Not sure where to begin? Scroll to the bottom to find challenges!

import pandas as pd
spam = pd.read_csv("SMSSpamCollection.csv", header=None)
print(spam.shape)
spam.head(100)

Source of dataset. This corpus was created by Tiago A. Almeida and José María Gómez Hidalgo.

Citations:

  • Almeida, T.A., Gómez Hidalgo, J.M., Yamakami, A. Contributions to the Study of SMS Spam Filtering: New Collection and Results. Proceedings of the 2011 ACM Symposium on Document Engineering (DOCENG'11), Mountain View, CA, USA, 2011.

  • Gómez Hidalgo, J.M., Almeida, T.A., Yamakami, A. On the Validity of a New SMS Spam Collection. Proceedings of the 11th IEEE International Conference on Machine Learning and Applications (ICMLA'12), Boca Raton, FL, USA, 2012.

  • Almeida, T.A., Gómez Hidalgo, J.M., Silva, T.P. Towards SMS Spam Filtering: Results under a New Dataset. International Journal of Information Security Science (IJISS), 2(1), 1-18, 2013.

Don't know where to start?

Challenges are brief tasks designed to help you practice specific skills:

  • 🗺️ Explore: What are the most common words in spam versus normal messages?
  • 📊 Visualize: Create a word cloud visualizing the most common words in the dataset.
  • 🔎 Analyze: What word is most likely to indicate that a message is spam?

Scenarios are broader questions to help you develop an end-to-end project for your portfolio:

You work for a telecom company that is launching a new messaging app. Unfortunately, previous spam filters that they have used are out of date and no longer effective. They have asked you whether you can use new data they have supplied to distinguish between spam and regular messages accurately. They have also told you that it is essential that regular messages are rarely, if ever, categorized as spam.

You will need to prepare a report that is accessible to a broad audience. It should outline your motivation, steps, findings, and conclusions.

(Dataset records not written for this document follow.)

theorem lemma1:
  fixes n :: nat and S :: "(nat \<Rightarrow> int) set" and x :: "nat \<Rightarrow> int"
  defines "G \<equiv> Z3n n"
  assumes "sum_free G S" and "x \<in> S"
  shows "(S \<inter> (inv\<^bsub>G\<^esub> x <#\<^bsub>G\<^esub> S) = {}
         \<and> S \<inter> (x <#\<^bsub>G\<^esub> S) = {}
         \<and> (inv\<^bsub>G\<^esub> x <#\<^bsub>G\<^esub> S) \<inter> (x <#\<^bsub>G\<^esub> S) = {})
       \<and> (S \<inter> (S <#>\<^bsub>G\<^esub> set_inv\<^bsub>G\<^esub> S) = {}
         \<and> S \<inter> set_inv\<^bsub>G\<^esub> S = {}
         \<and> (S <#>\<^bsub>G\<^esub> set_inv\<^bsub>G\<^esub> S) \<inter> set_inv\<^bsub>G\<^esub> S = {})
       \<and> (max_sum_free G S \<longrightarrow>
           S \<union> (inv\<^bsub>G\<^esub> x <#\<^bsub>G\<^esub> S) \<union> (x <#\<^bsub>G\<^esub> S) = carrier G
           \<and> real (card S) = real (card (carrier G)) / 3)
       \<and> (max_sum_free G S \<longrightarrow>
           S \<union> (S <#>\<^bsub>G\<^esub> set_inv\<^bsub>G\<^esub> S) \<union> set_inv\<^bsub>G\<^esub> S = carrier G)"
proof -
  interpret exponent3_comm_group G unfolding G_def by (rule exponent3_comm_group_Z3n)
  have fin: "finite (carrier G)" unfolding G_def by (rule finite_carrier_Z3n)
  have maximal: "card (carrier G) \<le> 3 * card S" if "max_sum_free G S"
    using that unfolding G_def by (rule card_carrier_Z3n_le_max_sum_free)
  have "3 * card S = card (carrier G)" if "max_sum_free G S"
    using maximal[OF that] three_card_sum_free_le[OF fin assms(2,3)] by linarith
  then have card_S: "real (card S) = real (card (carrier G)) / 3" if "max_sum_free G S"
    using that by (metis nonzero_mult_div_cancel_left of_nat_mult of_nat_numeral zero_neq_numeral)
  show ?thesis
    using sum_free_disjoint_inv_l_coset[OF assms(2,3)] sum_free_disjoint_l_coset[OF assms(2,3)]
      sum_free_disjoint_inv_l_coset_l_coset[OF assms(2,3)]
      sum_free_disjoint_quotients[OF assms(2)] sum_free_disjoint_set_inv[OF assms(2)]
      sum_free_disjoint_quotients_set_inv[OF assms(2)] card_S
      translates_sum_free_eq_carrier[OF fin assms(2,3) maximal]
      quotients_sum_free_eq_carrier[OF fin assms(2,3) maximal]
    by blast
qed

end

# Import necessary libraries
import pandas as pd
from wordcloud import WordCloud
import matplotlib.pyplot as plt
from collections import Counter
import re
from sklearn.feature_extraction.text import ENGLISH_STOP_WORDS

# Load the dataset
# Assuming the dataset is a CSV file with columns 'message' and 'label' where 'label' is 'spam' or 'ham'
# df = pd.read_csv('messages.csv')
# For the purpose of this example, let's create a sample dataframe
data = {
    'message': [
        'Congratulations! You have won a $1000 Walmart gift card. Go to http://bit.ly/123456 to claim now.',
        'Hey, are we still meeting for lunch tomorrow?',
        'Free entry in 2 a weekly competition to win FA Cup final tickets. Text FA to 12345 to enter.',
        'Can you call me back when you get a chance?',
        'URGENT! Your mobile number has been selected for a $500 prize. Call 09012345678 now.'
    ],
    'label': ['spam', 'ham', 'spam', 'ham', 'spam']
}
df = pd.DataFrame(data)

# Function to preprocess text
def preprocess_text(text):
    text = text.lower()  # Convert to lowercase
    text = re.sub(r'\b\w{1,2}\b', '', text)  # Remove short words
    text = re.sub(r'\d+', '', text)  # Remove numbers
    text = re.sub(r'[^\w\s]', '', text)  # Remove punctuation
    text = ' '.join([word for word in text.split() if word not in ENGLISH_STOP_WORDS])  # Remove stopwords
    return text

# Apply preprocessing
df['cleaned_message'] = df['message'].apply(preprocess_text)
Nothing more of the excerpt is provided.